My best guess, it makes it harder to get loans in the future.

The losses fall on bondholders now, but it does make it harder for SpaceX to raise money going forward. And if they actually slip into junk territory, some institutional investors will be forced to sell (mandates only allow investment-grade), pushing prices down and yields/spreads up even further.

That can snowball: wider spreads → higher borrowing costs → more stress → wider spreads. The existing bonds' coupons are fixed, so the real bite is on future issuance and refinancing.

Lots of capital-intensive companies (SpaceX is definitely in this category) lean heavily on debt markets to fund ongoing investment and roll over maturing debt, so losing cheap access is a big deal.

This is about their bond, not that share price. If you are in the US, it's like having low credit score, everything you want to do financially such as leasing or financing a car, buying a house, etc.. will be more costly (higher interest rate) from the lender.
Except that it's not clear really that lenders will be able to judge on that basis alone. SpaceX is a different kind of unicorn: it's a government contractor run by the richest man in the world who controls a media echo chamber and gets people elected.

That article compares them to Oracle. Who are, as it goes, pretty similar: run by rich people with a media empire who have their teeth deep in government systems.

These bonds could get worse and worse but if US state and federal governments continue to put thumbs on scales it doesn't matter. The US free market isn't uniformly free.

He's only the "richest" man in the world because of the inflated valuations of his companies. At some point the market looks like a dog chasing its own tail:

Q: Why is this stock so valuable? A: Duh, because Musk is worth a kajillion dollars and everything he touches is gold!

Q: Why is Musk worth a kajillion dollars? A: Because he holds so many shares of extremely valuable companies, silly!
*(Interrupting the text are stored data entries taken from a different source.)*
(* Let $r_o>0$, $\tau>0$, $\alpha>0$ and $\beta\in(0,1]$ be constants. For $m<0$, let $u_m:[0,\infty)\to[r_o,\infty)$ be the solution of $$u_m(0)=r_o,\qquad u_m'(s)=\left(1-\frac{2m}{u_m(s)}\right)^{1/2},$$ and set $k=\tau(1-2m/r_o)^{-1/2}$. For $m$ sufficiently negative (so that $\beta>(1+\alpha/2)k^2$), let $A_o(m)$ be the smallest positive root $A$ of $$\beta-k^2-\frac\alpha2A^{-2}u_m^2(Ak)=0.$$ Let $\theta>0$ be the unique positive root of $\theta^3-\frac{3\tau}{2}\left(\frac{\alpha}{2\beta}\right)^{1/2}\theta^2-1=0$. Then $$\lim_{m\to-\infty}A_o(m)=r_o\theta^2\left(\frac{\alpha}{2\beta}\right)^{1/2},\qquad \lim_{m\to-\infty}u_m(A_o(m)k)=r_o\theta^2.$$ *)

theory Defs
  imports "HOL-Analysis.Analysis"
begin

definition is_u_sol :: "real \<Rightarrow> real \<Rightarrow> (real \<Rightarrow> real) \<Rightarrow> bool" where
  "is_u_sol r m u \<longleftrightarrow> u 0 = r \<and> (\<forall>s\<ge>0. u s \<ge> r) \<and>
     (\<forall>s\<ge>0. (u has_real_derivative sqrt (1 - 2 * m / u s)) (at s within {0..}))"

definition kk :: "real \<Rightarrow> real \<Rightarrow> real \<Rightarrow> real" where
  "kk \<tau> r m = \<tau> / sqrt (1 - 2 * m / r)"

definition F :: "real \<Rightarrow> real \<Rightarrow> real \<Rightarrow> (real \<Rightarrow> real) \<Rightarrow> real \<Rightarrow> real" where
  "F \<alpha> \<beta> k u A = \<beta> - k\<^sup>2 - \<alpha> / 2 * (1 / A\<^sup>2) * (u (A * k))\<^sup>2"

definition A_o :: "real \<Rightarrow> real \<Rightarrow> real \<Rightarrow> (real \<Rightarrow> real) \<Rightarrow> real" where
  "A_o \<alpha> \<beta> k u = (THE A. A > 0 \<and> F \<alpha> \<beta> k u A = 0 \<and>
       (\<forall>B. 0 < B \<and> B < A \<longrightarrow> F \<alpha> \<beta> k u B \<noteq> 0))"

definition theta :: "real \<Rightarrow> real \<Rightarrow> real \<Rightarrow> real" where
  "theta \<tau> \<alpha> \<beta> = (THE \<theta>. \<theta> > 0 \<and>
       \<theta> ^ 3 - 3 * \<tau> / 2 * sqrt (\<alpha> / (2 * \<beta>)) * \<theta> ^ 2 - 1 = 0)"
There is this, but he is also a quasi-government figure. As Trump weakens he will reappear in that sphere.
The bond price is an outcome of lenders judging, not a cause. Lenders have already judged.
Of course. But you have a bond buyer who can put their thumb on the scale, and has shown willingness to do so. That buyer also tried to interfere in (succeeded in interfering in) the business of law firms that worked for anti-Trump causes, has directly interfered in the renewable energy market to benefit its backers, etc.

What is to say that SpaceX and Oracle won't get these benefits? (Government buying bonds, trashing ratings agencies, leaning on banks to lend etc.)
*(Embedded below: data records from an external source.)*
lemma dome_base_vertex_extreme_in_triangle:
  assumes dome: "dome Q P T" and "b extreme_point_of P" "t \<in> T" "b \<in> t"
  shows "b extreme_point_of t"
proof -
  have "P face_of Q" using dome_base_facet[OF dome] by (simp add: facet_of_def)
  then have "b extreme_point_of Q" using extreme_point_of_face assms(2) by blast
  then show ?thesis
    using assms(4) dome_triangle_subset[OF dome assms(3)] unfolding extreme_point_of_def by blast
qed

lemma dome_triangle_floor_edge:
  assumes dome: "dome Q P T" and floor: "P \<subseteq> {x. x$3 = 0}" "Q \<subseteq> {x. x$3 \<ge> 0}"
    and b: "b extreme_point_of P" and t: "t \<in> T" "b \<in> t" and p: "p \<in> t" "p \<in> P" "p \<noteq> b"
  obtains u w k where "t = convex hull {b, b + u, b + w}" "equilateral_pair u w"
    "u$3 = 0" "0 < w$3" "0 < k" "p = b + k *\<^sub>R u"
proof -
  have tQ: "t \<subseteq> Q" using dome_triangle_subset[OF dome t(1)] .
  have b3: "b$3 = 0" using b floor(1) by (auto simp: extreme_point_of_def)
  obtain x y where xy: "t = convex hull {b, b + x, b + y}" "equilateral_pair x y"
    using unit_triangle_at_vertex dome_unit_triangle[OF dome t(1)]
      dome_base_vertex_extreme_in_triangle[OF dome b t] by blast
  have "b + x \<in> t" "b + y \<in> t" unfolding xy(1) by (simp_all add: hull_inc)
  then have up: "0 \<le> x$3" "0 \<le> y$3" using tQ floor(2) b3 by auto
  have "\<not> (x$3 = 0 \<and> y$3 = 0)"
  proof
    assume "x$3 = 0 \<and> y$3 = 0"
    then have "t \<subseteq> {z. axis 3 1 \<bullet> z = 0}"
      unfolding xy(1) using b3 convex_hyperplane[of "axis 3 1 :: pt" 0]
      by (intro hull_minimal) (auto simp: inner_axis')
    then show False using dome_triangle_not_horizontal[OF dome floor t(1)]
      by (auto simp: inner_axis')
  qed
  moreover have "p$3 = b$3" using p(2) floor(1) b3 by auto
  ultimately show thesis using triangle_floor_edge[OF xy up _ p(1,3)] that by blast
qed

lemma dome_vertex_frames:
  assumes dome: "dome Q P T" and floor: "P \<subseteq> {x. x$3 = 0}" "Q \<subseteq> {x. x$3 \<ge> 0}"
    and b: "b extreme_point_of P"
    and e1: "e1 face_of P" "aff_dim e1 = 1" "b \<in> e1"
    and e2: "e2 face_of P" "aff_dim e2 = 1" "b \<in> e2" and "e1 \<noteq> e2"
    and t1: "t1 \<in> T" "b \<in> t1" "aff_dim (t1 \<inter> e1) = 1"
    and t3: "t3 \<in> T" "b \<in> t3" "aff_dim (t3 \<inter> e2) = 1"
    and down: "downward_normal Q t1"
  obtains u1 w1 u2 w3 n where
    "t1 = convex hull {b, b + u1, b + w1}" "equilateral_pair u1 w1" "u1$3 = 0" "w1$3 > 0"
    "t3 = convex hull {b, b + u2, b + w3}" "equilateral_pair u2 w3" "u2$3 = 0" "w3$3 > 0"
    "n$3 < 0" "n \<bullet> u1 = 0" "n \<bullet> w1 = 0" "n \<bullet> u2 < 0" "n \<bullet> w3 \<le> 0"
    "perp_coord u1 w1 * perp_coord u1 u2 < 0"
proof -
  obtain p1 where p1: "p1 \<in> t1 \<inter> e1" "p1 \<noteq> b"
    using aff_dim_1_other_point[OF t1(3) IntI[OF t1(2) e1(3)]] .
  have "p1 \<in> P" using p1(1) face_of_imp_subset[OF e1(1)] by blast
  then obtain u1 w1 k1 where U1: "t1 = convex hull {b, b + u1, b + w1}" "equilateral_pair u1 w1"
      "u1$3 = 0" "w1$3 > 0" "0 < k1" "p1 = b + k1 *\<^sub>R u1"
    using dome_triangle_floor_edge[OF dome floor b t1(1,2) _ _ p1(2)] p1(1) by blast
  obtain p3 where p3: "p3 \<in> t3 \<inter> e2" "p3 \<noteq> b"
    using aff_dim_1_other_point[OF t3(3) IntI[OF t3(2) e2(3)]] .
  have "p3 \<in> P" using p3(1) face_of_imp_subset[OF e2(1)] by blast
  then obtain u2 w3 k2 where U3: "t3 = convex hull {b, b + u2, b + w3}" "equilateral_pair u2 w3"
      "u2$3 = 0" "w3$3 > 0" "0 < k2" "p3 = b + k2 *\<^sub>R u2"
    using dome_triangle_floor_edge[OF dome floor b t3(1,2) _ _ p3(2)] p3(1) by blast
  have u1: "norm u1 = 1" "u1 \<noteq> 0" and u2: "norm u2 = 1"
    using U1(2) U3(2) by (auto simp: equilateral_pair_def)
  have "b + k1 *\<^sub>R u1 \<in> e1" "b + k2 *\<^sub>R u2 \<in> e2" using p1(1) p3(1) U1(6) U3(6) by auto
  then have "u2 \<noteq> u1" "u2 \<noteq> -u1"
    using edge_directions_distinct[OF b e1 _ U1(5) e2 _ U3(5) \<open>e1 \<noteq> e2\<close> u1(2)] by blast+
  obtain n d where n: "n$3 < 0" "\<And>x. x \<in> Q \<Longrightarrow> n \<bullet> x \<le> d" "\<And>x. x \<in> t1 \<Longrightarrow> n \<bullet> x = d"
    using down unfolding downward_normal_def by blast
  have "b + u1 \<in> t1" "b + w1 \<in> t1" "b + u2 \<in> Q" "b + w3 \<in> Q"
    using U1(1) U3(1) dome_triangle_subset[OF dome t3(1)] by (auto simp: hull_inc)
  then have "n \<bullet> (b + u1) = n \<bullet> b" "n \<bullet> (b + w1) = n \<bullet> b"
      "n \<bullet> (b + u2) \<le> n \<bullet> b" "n \<bullet> (b + w3) \<le> n \<bullet> b"
    using n(2,3) n(3)[OF t1(2)] by auto
  then have nu: "n \<bullet> u1 = 0" "n \<bullet> w1 = 0" "n \<bullet> u2 \<le> 0" "n \<bullet> w3 \<le> 0"
    by (simp_all add: inner_add_right)
  note sep = normal_separates_edges[OF U1(3) u1(1) U3(3) u2 \<open>u2 \<noteq> u1\<close> \<open>u2 \<noteq> -u1\<close> U1(4) n(1) nu(1-3)]
  show thesis by (rule that[OF U1(1-4) U3(1-4) n(1) nu(1,2) sep(1) nu(4) sep(2)])
qed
Nothing obvious, I posit. So what is the value of a bond when a government is increasingly likely to manipulate the market for it?

And that is putting aside the second order of government interference: foreign governments putting their thumbs on the scale with their own investment funds and influenceable buyers, to buy influence over a government that favours these firms.

Institutional bond traders are pretty sophisticated. They're aware of all the possibilities you mentioned.
> Institutional bond traders are pretty sophisticated.

I am old enough to remember Long Term Capital Management.

Nobody doubts all this. What the bond market is saying is that even with all of that, there are plenty of viable scenarios where bond holders aren't paid back.

After all, if you truly believe what you say with conviction, the sensible thing to do would be to buy up as many SpaceX bonds as you can if you think they're so undervalued.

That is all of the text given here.